# Thread: Evaluating a limit with an integral in it?

1. ## Evaluating a limit with an integral in it?

2. Wolfram Mathematica Online Integrator

yikes.

It may be a change of variables type of limit. You know, something like $\lim_{h\rightarrow 0} \frac{1}{h} \int f dx = \lim_{y\rightarrow \infty} y \int f dx.$

Do you have any notes on this?

3. *sigh* No. And I already tried using wolfram. But I think I might have an idea using the second fundamental theorem of calculus... maybe.

4. Are you taking Real Analysis? Or calc?

5. I'd evaluate the integral, substitute 2 and 2+h for the t values, and multiply that by 1/h. Then I'd evaluate the limit.

6. Originally Posted by Anonymous1
Are you taking Real Analysis? Or calc?
Calculus 1

7. Originally Posted by SethP
I'd evaluate the integral, substitute 2 and 2+h for the t values, and multiply that by 1/h. Then I'd evaluate the limit.
*edit* You would, if you COULD.

8. Actually I think I got it figured out... I'm not sure how I did it, but I got the right answer.

Thanks anyway, guys.

9. Oh, yeah. It's been a while since I've done limits; my brain sort of gets rid of stuff I haven't thought of in a while.

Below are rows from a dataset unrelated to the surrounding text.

lemma ell_norm_mult_const:
  assumes "r > 0"
  shows "ell_norm r n (\<lambda>i. c * x i) = cmod c * ell_norm r n x"
  using assms by (simp add: ell_norm_def norm_mult powr_mult sum_distrib_left[symmetric] powr_powr)

lemma tendsto_ell_norm:
  assumes "r > 0" and "\<forall>i<n. (\<lambda>k. x k i) \<longlonglongrightarrow> y i"
  shows "(\<lambda>k. ell_norm r n (x k)) \<longlonglongrightarrow> ell_norm r n y"
  unfolding ell_norm_def using assms
  by (intro tendsto_intros) (auto intro!: always_eventually sum_nonneg)

lemma conjugate_exponent:
  fixes p :: real
  assumes "1 < p"
  shows "1 < p / (p - 1)" "1 / p + 1 / (p / (p - 1)) = 1"
proof -
  have "0 < p - 1" using assms by simp
  then show "1 < p / (p - 1)" using assms by (simp add: less_divide_eq_1_pos)
  show "1 / p + 1 / (p / (p - 1)) = 1" using assms by (simp add: field_simps)
qed

lemma Holder_inequality_sum:
  fixes x y :: "nat \<Rightarrow> real"
  assumes p: "p > 1" and q: "q > 1" and pq: "1/p + 1/q = 1"
    and x: "\<And>i. x i \<ge> 0" and y: "\<And>i. y i \<ge> 0"
  shows "(\<Sum>i<n. x i * y i) \<le> (\<Sum>i<n. x i powr q) powr (1/q) * (\<Sum>i<n. y i powr p) powr (1/p)"
proof -
  define X where "X = (\<Sum>i<n. x i powr q)"
  define Y where "Y = (\<Sum>i<n. y i powr p)"
  have "X \<ge> 0" "Y \<ge> 0"
    unfolding X_def Y_def by (auto intro: sum_nonneg)
  show ?thesis
  proof (cases "X = 0 \<or> Y = 0")
    case True
    then have "\<forall>i<n. x i * y i = 0"
      using q p x y by (auto simp: X_def Y_def sum_nonneg_eq_0_iff)
    then have "(\<Sum>i<n. x i * y i) = 0" by (intro sum.neutral) auto
    then show ?thesis
      using \<open>X \<ge> 0\<close> \<open>Y \<ge> 0\<close> by (simp add: X_def[symmetric] Y_def[symmetric])
  next
    case False
    with \<open>X \<ge> 0\<close> \<open>Y \<ge> 0\<close> have "X > 0" "Y > 0" by auto
    define a where "a = X powr (1/q)"
    define b where "b = Y powr (1/p)"
    have "a > 0" "b > 0" using \<open>X > 0\<close> \<open>Y > 0\<close> by (auto simp: a_def b_def)
    have xa: "(x i / a) powr q = x i powr q / X" for i
      using \<open>a > 0\<close> \<open>X > 0\<close> x q by (simp add: powr_divide a_def powr_powr)
    have yb: "(y i / b) powr p = y i powr p / Y" for i
      using \<open>b > 0\<close> \<open>Y > 0\<close> y p by (simp add: powr_divide b_def powr_powr)
    have "(\<Sum>i<n. (x i / a) * (y i / b)) \<le> (\<Sum>i<n. (x i / a) powr q / q + (y i / b) powr p / p)"
      by (rule sum_mono, rule Youngs_inequality[OF q p]) (use pq x y \<open>a > 0\<close> \<open>b > 0\<close> in auto)
    also have "\<dots> = (\<Sum>i<n. x i powr q) / X / q + (\<Sum>i<n. y i powr p) / Y / p"
      by (simp add: xa yb sum.distrib sum_divide_distrib)
    also have "\<dots> = 1"
      using \<open>X > 0\<close> \<open>Y > 0\<close> pq by (simp add: X_def[symmetric] Y_def[symmetric])
    finally have "(\<Sum>i<n. x i * y i) / (a * b) \<le> 1"
      by (simp add: sum_divide_distrib)
    then show ?thesis
      using \<open>a > 0\<close> \<open>b > 0\<close> by (simp add: a_def b_def X_def Y_def pos_divide_le_eq)
  qed
qed

lemma norm_sum_mult_le_ell_norm:
  assumes "1 < p"
  shows "cmod (\<Sum>i<n. \<eta> i * z i) \<le> ell_norm (p / (p - 1)) n \<eta> * ell_norm p n z"
proof -
  have "cmod (\<Sum>i<n. \<eta> i * z i) \<le> (\<Sum>i<n. cmod (\<eta> i) * cmod (z i))"
    by (rule order_trans[OF norm_sum]) (simp add: norm_mult)
  also have "\<dots> \<le> ell_norm (p / (p - 1)) n \<eta> * ell_norm p n z"
    unfolding ell_norm_def
    by (rule Holder_inequality_sum) (use assms conjugate_exponent[OF assms] in auto)
  finally show ?thesis .
qed

lemma norming_vector_exists:
  assumes "1 < p"
  obtains \<eta> where "(\<Sum>i<n. \<eta> i * w i) = of_real (\<Sum>i<n. cmod (w i) powr p)"
    and "ell_norm (p / (p - 1)) n \<eta> = (\<Sum>i<n. cmod (w i) powr p) powr (1 - 1 / p)"
proof
  define \<eta> where "\<eta> i = cnj (w i) * of_real (cmod (w i) powr (p - 2))" for i
  have "\<eta> i * w i = of_real (cmod (w i) powr p)" for i
  proof (cases "w i = 0")
    case False
    have "cnj (w i) * w i = of_real (cmod (w i) ^ 2)"
      by (metis complex_norm_square mult.commute)
    then have "\<eta> i * w i = of_real (cmod (w i) ^ 2 * cmod (w i) powr (p - 2))"
      by (simp add: \<eta>_def mult_ac)
    also have "cmod (w i) ^ 2 * cmod (w i) powr (p - 2) = cmod (w i) powr p"
      using powr_add[of "cmod (w i)" 2 "p - 2"] False by (simp add: powr_numeral)
    finally show ?thesis by simp
  qed (simp add: \<eta>_def)
  then show "(\<Sum>i<n. \<eta> i * w i) = of_real (\<Sum>i<n. cmod (w i) powr p)"
    by simp
  have "cmod (\<eta> i) powr (p / (p - 1)) = cmod (w i) powr p" for i
  proof (cases "w i = 0")
    case False
    have "cmod (\<eta> i) = cmod (w i) powr (p - 1)"
      using powr_add[of "cmod (w i)" 1 "p - 2"] False by (simp add: \<eta>_def norm_mult)
    then show ?thesis using assms by (simp add: powr_powr)
  qed (use assms in \<open>simp add: \<eta>_def\<close>)
  then show "ell_norm (p / (p - 1)) n \<eta> = (\<Sum>i<n. cmod (w i) powr p) powr (1 - 1 / p)"
    using assms by (simp add: ell_norm_def field_simps)
qed

lemma sum_powr_matrix_mult_le:
  fixes G :: "nat \<Rightarrow> nat \<Rightarrow> complex"
  assumes p: "1 < p" and K: "K \<ge> 0"
    and bilinear: "\<And>\<eta> \<xi>. cmod (\<Sum>i<n. \<Sum>j<n. \<eta> i * \<xi> j * G i j)
                      \<le> K * ell_norm (p / (p - 1)) n \<eta> * ell_norm p n \<xi>"
  shows "(\<Sum>i<n. cmod (\<Sum>j<n. G i j * v j) powr p) \<le> K powr p * (\<Sum>j<n. cmod (v j) powr p)"
proof -
  define w where "w i = (\<Sum>j<n. G i j * v j)" for i
  define W where "W = (\<Sum>i<n. cmod (w i) powr p)"
  have "W \<ge> 0" unfolding W_def by (auto intro: sum_nonneg)
  obtain \<eta> where \<eta>: "(\<Sum>i<n. \<eta> i * w i) = of_real W"
    and norm_\<eta>: "ell_norm (p / (p - 1)) n \<eta> = W powr (1 - 1 / p)"
    using norming_vector_exists[OF p] unfolding W_def by blast
  have "W = cmod (\<Sum>i<n. \<Sum>j<n. \<eta> i * v j * G i j)"
    using \<eta> \<open>W \<ge> 0\<close> by (simp add: w_def sum_distrib_left mult_ac)
  also have "\<dots> \<le> K * W powr (1 - 1 / p) * ell_norm p n v"
    using bilinear[of \<eta> v] norm_\<eta> by simp
  finally have "W powr (1 / p) * W powr (1 - 1 / p) \<le> (K * ell_norm p n v) * W powr (1 - 1 / p)"
    using \<open>W \<ge> 0\<close> by (cases "W = 0") (simp_all add: mult_ac flip: powr_add)
  then have "W powr (1 / p) \<le> K * ell_norm p n v"
    using \<open>W \<ge> 0\<close> K by (cases "W = 0") (auto simp: ell_norm_nonneg)
  then have "(W powr (1 / p)) powr p \<le> (K * ell_norm p n v) powr p"
    using p by (intro powr_mono2) auto
  then show ?thesis
    using p K \<open>W \<ge> 0\<close>
    by (simp add: W_def w_def powr_powr powr_mult ell_norm_powr ell_norm_nonneg)
qed

lemma dense_PiE_approximation:
  fixes D :: "'b::first_countable_topology set"
  assumes "closure D = UNIV"
  obtains E where "\<And>k. E k \<in> PiE {..<n} (\<lambda>_. D)" and "\<forall>i<n. (\<lambda>k. E k i) \<longlonglongrightarrow> x i"
proof -
  have "\<forall>z. \<exists>s. (\<forall>k. s k \<in> D) \<and> s \<longlonglongrightarrow> z"
    using assms closure_sequential by blast
  then obtain s where s: "\<And>z k. s z k \<in> D" "\<And>z. s z \<longlonglongrightarrow> z"
    by metis
  show ?thesis
    by (rule that[of "\<lambda>k. restrict (\<lambda>i. s (x i) k) {..<n}"]) (use s in auto)
qed

lemma bilinear_bound_from_dense:
  fixes G :: "nat \<Rightarrow> nat \<Rightarrow> complex"
  assumes D: "closure D = UNIV" and "p > 0" "q > 0"
    and bound: "\<forall>\<eta>\<in>PiE {..<n} (\<lambda>_. D). \<forall>\<xi>\<in>PiE {..<n} (\<lambda>_. D).
                  cmod (\<Sum>i<n. \<Sum>j<n. \<eta> i * \<xi> j * G i j) \<le> K * ell_norm q n \<eta> * ell_norm p n \<xi>"
  shows "cmod (\<Sum>i<n. \<Sum>j<n. \<eta> i * \<xi> j * G i j) \<le> K * ell_norm q n \<eta> * ell_norm p n \<xi>"
proof -
  obtain E where E: "\<And>k. E k \<in> PiE {..<n} (\<lambda>_. D)" "\<forall>i<n. (\<lambda>k. E k i) \<longlonglongrightarrow> \<eta> i"
    using dense_PiE_approximation[OF D] by blast
  obtain X where X: "\<And>k. X k \<in> PiE {..<n} (\<lambda>_. D)" "\<forall>i<n. (\<lambda>k. X k i) \<longlonglongrightarrow> \<xi> i"
    using dense_PiE_approximation[OF D] by blast
  have "(\<lambda>k. cmod (\<Sum>i<n. \<Sum>j<n. E k i * X k j * G i j))
          \<longlonglongrightarrow> cmod (\<Sum>i<n. \<Sum>j<n. \<eta> i * \<xi> j * G i j)"
    using E(2) X(2) by (intro tendsto_intros) auto
  moreover have "(\<lambda>k. K * ell_norm q n (E k) * ell_norm p n (X k))
                   \<longlonglongrightarrow> K * ell_norm q n \<eta> * ell_norm p n \<xi>"
    by (intro tendsto_intros tendsto_ell_norm) (use assms E X in auto)
  ultimately show ?thesis
    by (rule LIMSEQ_le) (use bound E(1) X(1) in auto)
qed

lemma countable_dense_complex_set:
  obtains D :: "complex set" where "countable D" "closure D = UNIV"
proof -
  obtain D :: "complex set"
    where "countable D" and D: "\<And>X. open X \<Longrightarrow> X \<noteq> {} \<Longrightarrow> \<exists>d\<in>D. d \<in> X"
    by (erule countable_dense_setE)
  moreover have "closure D = UNIV"
  proof (rule ccontr)
    assume "closure D \<noteq> UNIV"
    then obtain d where "d \<in> D" "d \<notin> closure D"
      using D[of "- closure D"] by auto
    then show False using closure_subset by blast
  qed
  ultimately show ?thesis using that by blast
qed

section \<open>Lebesgue spaces\<close>

lemma Lp_norm_nonneg: "Lp_norm p M f \<ge> 0"
  by (simp add: Lp_norm_def)

lemma integral_powr_nonneg: "(\<integral>x. cmod (f x) powr p \<partial>M) \<ge> 0"
  by (intro Bochner_Integration.integral_nonneg) auto

lemma Lp_norm_powr: "p > 0 \<Longrightarrow> Lp_norm p M f powr p = (\<integral>x. cmod (f x) powr p \<partial>M)"
  using integral_powr_nonneg[where f=f and p=p and M=M] by (simp add: Lp_norm_def powr_powr)

lemma powr_one_div_le_iff:
  fixes x c p :: real
  assumes "p > 0" "x \<ge> 0" "c \<ge> 0"
  shows "x powr (1 / p) \<le> c \<longleftrightarrow> x \<le> c powr p"
proof
  assume "x powr (1 / p) \<le> c"
  then have "(x powr (1 / p)) powr p \<le> c powr p"
    using assms by (intro powr_mono2) auto
  then show "x \<le> c powr p"
    using assms by (simp add: powr_powr)
next
  assume "x \<le> c powr p"
  then have "x powr (1 / p) \<le> (c powr p) powr (1 / p)"
    using assms by (intro powr_mono2) auto
  then show "x powr (1 / p) \<le> c"
    using assms by (simp add: powr_powr)
qed

lemma Lp_norm_le_iff:
  assumes "p > 0" "c \<ge> 0"
  shows "Lp_norm p M f \<le> c \<longleftrightarrow> (\<integral>x. cmod (f x) powr p \<partial>M) \<le> c powr p"
  unfolding Lp_norm_def using assms by (simp add: powr_one_div_le_iff integral_powr_nonneg)

lemma zero_in_Lp: "(\<lambda>x. 0) \<in> Lp p M"
  by (simp add: Lp_def)

lemma Lp_norm_zero: "Lp_norm p M (\<lambda>x. 0) = 0"
  by (simp add: Lp_norm_def)

lemma Lp_borel_measurable: "f \<in> Lp p M \<Longrightarrow> f \<in> borel_measurable M"
  by (simp add: Lp_def)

10. Originally Posted by lauren72
Actually I think I got it figured out... I'm not sure how I did it, but I got the right answer.

Thanks anyway, guys.

You used the $2^{nd}$ $FTC?$

11. Yup. And got sqrt(15)

12. Let $F(x)$ be an antiderivative of $\sqrt{7+t^{3}}$

then $\lim_{h \to 0} \ \frac{1}{h} \int^{2+h}_{2} \sqrt{7+t^{3}} = \lim_{h \to 0} \frac{F(2+h)-F(2)}{h} = F'(2)= \sqrt{7+2^{3}} = \sqrt{15}$

so your answer is correct